### Exercise requirements
In the entries below, the lines from the one with "using bil_matrix_vector bil_commute assms" through the one with "bil \<xi> (Fxixi" are to be copied exactly; both ends count.

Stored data
definition symplectic_form ::
  "((complex^'n) \<times> (complex^'n)) \<Rightarrow> ((complex^'n) \<times> (complex^'n)) \<Rightarrow> complex" where
  "symplectic_form u v = bil (snd u) (fst v) - bil (fst u) (snd v)"

lemma symplectic_form_zero_left: "symplectic_form 0 v = 0"
  by (simp add: symplectic_form_def bil_def)

lemma symplectic_form_add_left: "symplectic_form (u + w) v = symplectic_form u v + symplectic_form w v"
  by (simp add: symplectic_form_def bil_add_left)

lemma symplectic_form_scaleR_left: "symplectic_form (c *\<^sub>R u) v = of_real c * symplectic_form u v"
  by (simp add: symplectic_form_def bil_scaleR_left right_diff_distrib)

lemma symplectic_form_add_right: "symplectic_form u (v + w) = symplectic_form u v + symplectic_form u w"
  by (simp add: symplectic_form_def bil_add_right)

lemma symplectic_form_scaleR_right: "symplectic_form u (c *\<^sub>R v) = of_real c * symplectic_form u v"
  by (simp add: symplectic_form_def bil_scaleR_right right_diff_distrib)

text \<open>
  Since \<open>Im \<sigma>\<close> is a nondegenerate real symplectic form, the maximal isotropic (I-Lagrangian)
  subspaces are exactly the sets that coincide with their \<open>Im \<sigma>\<close>-orthogonal.
\<close>
definition I_Lagrangian :: "((complex^'n) \<times> (complex^'n)) set \<Rightarrow> bool" where
  "I_Lagrangian L \<longleftrightarrow> L = {u. \<forall>v\<in>L. Im (symplectic_form u v) = 0}"

lemma I_Lagrangian_mem_iff:
  assumes "I_Lagrangian L"
  shows "u \<in> L \<longleftrightarrow> (\<forall>v\<in>L. Im (symplectic_form u v) = 0)"
proof -
  have "u \<in> L \<longleftrightarrow> u \<in> {u. \<forall>v\<in>L. Im (symplectic_form u v) = 0}"
    using assms unfolding I_Lagrangian_def by (rule arg_cong[where f = "\<lambda>S. u \<in> S"])
  then show ?thesis
    by (simp only: mem_Collect_eq)
qed

lemma subspace_Im_symplectic_orthogonal: "subspace {u. \<forall>v\<in>S. Im (symplectic_form u v) = 0}"
  by (simp add: subspace_def symplectic_form_zero_left symplectic_form_add_left
      symplectic_form_scaleR_left)

lemma I_Lagrangian_subspace: "I_Lagrangian L \<Longrightarrow> subspace L"
  unfolding I_Lagrangian_def by (erule ssubst) (rule subspace_Im_symplectic_orthogonal)

lemma I_Lagrangian_graph_holomorphic_gradient:
  fixes A H :: "complex^'n^'n"
  assumes "transpose A = A" "hermitian H"
  shows "I_Lagrangian (range (\<lambda>x. (x, (2 / \<i>) *s holomorphic_gradient A H x)))"
proof -
  let ?l = "\<lambda>x. (2 / \<i>) *s holomorphic_gradient A H x"
  have isotropic: "Im (symplectic_form (x, ?l x) (y, ?l y)) = 0" for x y
  proof -
    let ?g = "holomorphic_gradient A H"
    have "symplectic_form (x, ?l x) (y, ?l y) = (2 / \<i>) * (bil y (?g x) - bil x (?g y))"
      unfolding symplectic_form_def fst_conv snd_conv bil_commute[of x "?l y"]
        bil_vector_scalar_mult_left bil_commute[of "?g x" y] bil_commute[of "?g y" x]
      by (simp only: right_diff_distrib)
    then show ?thesis
      using Re_bil_holomorphic_gradient_commute[OF assms, of y x] by simp
  qed
  have maximal: "u \<in> range (\<lambda>x. (x, ?l x))"
    if "\<forall>v \<in> range (\<lambda>x. (x, ?l x)). Im (symplectic_form u v) = 0" for u
  proof -
    obtain y \<eta> where u: "u = (y, \<eta>)" by fastforce
    define v where "v = \<eta> - ?l y"
    have Im_bil_v: "Im (bil v x) = 0" for x
    proof -
      have "bil v x = symplectic_form u (x, ?l x) - symplectic_form (y, ?l y) (x, ?l x)"
        by (simp add: u v_def symplectic_form_def bil_diff_left bil_add_left bil_minus_left)
      then show ?thesis
        using that isotropic by simp
    qed
    have "v$k = 0" for k
    proof -
      have "Im (bil (axis k 1) v) = 0" "Im (bil (axis k \<i>) v) = 0"
        using Im_bil_v bil_commute by metis+
      then show ?thesis
        by (simp add: bil_axis_left complex_eq_iff)
    qed
    then have "v = 0"
      by (simp add: vec_eq_iff)
    then have "\<eta> = ?l y"
      unfolding v_def by (rule right_minus_eq[THEN iffD1])
    then show ?thesis
      unfolding u by (intro image_eqI) auto
  qed
  show ?thesis
    unfolding I_Lagrangian_def
  proof (intro equalityI subsetI CollectI ballI)
    fix u v
    assume "u \<in> range (\<lambda>x. (x, ?l x))" and "v \<in> range (\<lambda>x. (x, ?l x))"
    then show "Im (symplectic_form u v) = 0"
      using isotropic by auto
  qed (use maximal in blast)
qed

lemma I_Lagrangian_Lambda:
  fixes \<Phi> :: "complex^'n \<Rightarrow> real"
  assumes "spsh_quadratic \<Phi>"
  shows "I_Lagrangian (Lambda \<Phi>)"
proof -
  obtain A H :: "complex^'n^'n" where A: "transpose A = A" and H: "hermitian H"
    and \<Phi>: "\<And>x. \<Phi> x = Re (bil x (holomorphic_gradient A H x))"
    using spsh_quadraticE[OF assms] by blast
  show ?thesis
    unfolding Lambda_quadratic_form[OF A H \<Phi>] by (rule I_Lagrangian_graph_holomorphic_gradient[OF A H])
qed

lemma fundamental_map_add_scaleR:
  "fundamental_map Fxx Fxxi Fxixi (\<rho> + s *\<^sub>R \<tau>)
    = fundamental_map Fxx Fxxi Fxixi \<rho> + s *\<^sub>R fundamental_map Fxx Fxxi Fxixi \<tau>"
  by (simp add: fundamental_map_def linear_scale[OF matrix_vector_mul_linear] algebra_simps
      del: transpose_matrix_vector)

lemma symplectic_form_fundamental_map_commute:
  assumes "transpose Fxx = Fxx" "transpose Fxixi = Fxixi"
  shows "symplectic_form (fundamental_map Fxx Fxxi Fxixi \<rho>) \<tau>
    = symplectic_form (fundamental_map Fxx Fxxi Fxixi \<tau>) \<rho>"
proof -
  obtain x \<xi> where \<rho>: "\<rho> = (x, \<xi>)" by fastforce
  obtain y \<eta> where \<tau>: "\<tau> = (y, \<eta>)" by fastforce
  have "bil (Fxx *v x) y = bil (Fxx *v y) x" "bil (Fxixi *v \<xi>) \<eta> = bil (Fxixi *v \<eta>) \<xi>"
    "bil (Fxxi *v \<xi>) y = bil (transpose Fxxi *v y) \<xi>" "bil (transpose Fxxi *v x) \<eta> = bil (Fxxi *v \<eta>) x"
    using bil_matrix_vector bil_commute assms by metis+
  then show ?thesis
    unfolding \<rho> \<tau> fundamental_map_def symplectic_form_def
    by (simp add: bil_add_left bil_diff_left bil_minus_left algebra_simps del: transpose_matrix_vector)
qed

lemma hol_quad_eq_symplectic_form:
  "hol_quad Fxx Fxxi Fxixi \<rho> = - symplectic_form (fundamental_map Fxx Fxxi Fxixi \<rho>) \<rho> / 2"
proof -
  obtain x \<xi> where \<rho>: "\<rho> = (x, \<xi>)" by fastforce
  have "bil (Fxx *v x) x = bil x (Fxx *v x)" "bil (Fxixi *v \<xi>) \<xi> = bil \<xi> (Fxixi *v \<xi>)"
    "bil (Fxxi *v \<xi>) x = bil x (Fxxi *v \<xi>)" "bil (transpose Fxxi *v x) \<xi> = bil x (Fxxi *v \<xi>)"
    using bil_matrix_vector bil_commute by metis+
  then show ?thesis
    unfolding \<rho> hol_quad_def fundamental_map_def symplectic_form_def
    by (simp add: bil_add_left bil_diff_left bil_minus_left algebra_simps del: transpose_matrix_vector)
qed

lemma hol_quad_add_scaleR:
  assumes "transpose Fxx = Fxx" "transpose Fxixi = Fxixi"
  shows "hol_quad Fxx Fxxi Fxixi (\<rho> + s *\<^sub>R \<tau>) = hol_quad Fxx Fxxi Fxixi \<rho>
    - of_real s * symplectic_form (fundamental_map Fxx Fxxi Fxixi \<rho>) \<tau>
    + of_real (s\<^sup>2) * hol_quad Fxx Fxxi Fxixi \<tau>"
proof -
  let ?F = "fundamental_map Fxx Fxxi Fxixi"
  have "hol_quad Fxx Fxxi Fxixi (\<rho> + s *\<^sub>R \<tau>)
      = - symplectic_form (?F \<rho> + s *\<^sub>R ?F \<tau>) (\<rho> + s *\<^sub>R \<tau>) / 2"
    by (simp add: hol_quad_eq_symplectic_form fundamental_map_add_scaleR)
  also have "\<dots> = - (symplectic_form (?F \<rho>) \<rho> + of_real s * symplectic_form (?F \<rho>) \<tau>
      + of_real s * symplectic_form (?F \<tau>) \<rho> + of_real (s\<^sup>2) * symplectic_form (?F \<tau>) \<tau>) / 2"
    by (simp add: symplectic_form_add_left symplectic_form_add_right symplectic_form_scaleR_left
        symplectic_form_scaleR_right power2_eq_square algebra_simps)
  also have "\<dots> = hol_quad Fxx Fxxi Fxixi \<rho> - of_real s * symplectic_form (?F \<rho>) \<tau>
      + of_real (s\<^sup>2) * hol_quad Fxx Fxxi Fxixi \<tau>"
    unfolding hol_quad_eq_symplectic_form symplectic_form_fundamental_map_commute[OF assms, of Fxxi \<tau> \<rho>]
    by (simp add: field_simps)
  finally show ?thesis .
qed

lemma linear_coeff_eq_0_if_quadratic_nonneg:
  fixes b c :: real
  assumes nonneg: "\<And>s. 0 \<le> s * b + s\<^sup>2 * c"
  shows "b = 0"
proof (rule ccontr)
  assume "b \<noteq> 0"
  define e where "e = \<bar>c\<bar> + 1"
  define s where "s = - b / e"
  have "e > 0" by (simp add: e_def add_pos_nonneg)
  have "s * b + s\<^sup>2 * c \<le> s * b + s\<^sup>2 * (e - 1)"
    unfolding e_def by (intro add_left_mono mult_left_mono) auto
  also have "\<dots> = - (b / e)\<^sup>2"
    using \<open>e > 0\<close> by (simp add: s_def field_simps power2_eq_square)
  also have "\<dots> < 0"
    using \<open>b \<noteq> 0\<close> \<open>e > 0\<close> by simp
  finally show False
    using nonneg[of s] by simp
qed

### Solved exercise
    using bil_matrix_vector bil_commute assms by metis+
  then show ?thesis
    unfolding \<rho> \<tau> fundamental_map_def symplectic_form_def
    by (simp add: bil_add_left bil_diff_left bil_minus_left algebra_simps del: transpose_matrix_vector)
qed

lemma hol_quad_eq_symplectic_form:
  "hol_quad Fxx Fxxi Fxixi \<rho> = - symplectic_form (fundamental_map Fxx Fxxi Fxixi \<rho>) \<rho> / 2"
proof -
  obtain x \<xi> where \<rho>: "\<rho> = (x, \<xi>)" by fastforce
  have "bil (Fxx *v x) x = bil x (Fxx *v x)" "bil (Fxixi *v \<xi>) \<xi> = bil \<xi> (Fxixi *v \<xi>)"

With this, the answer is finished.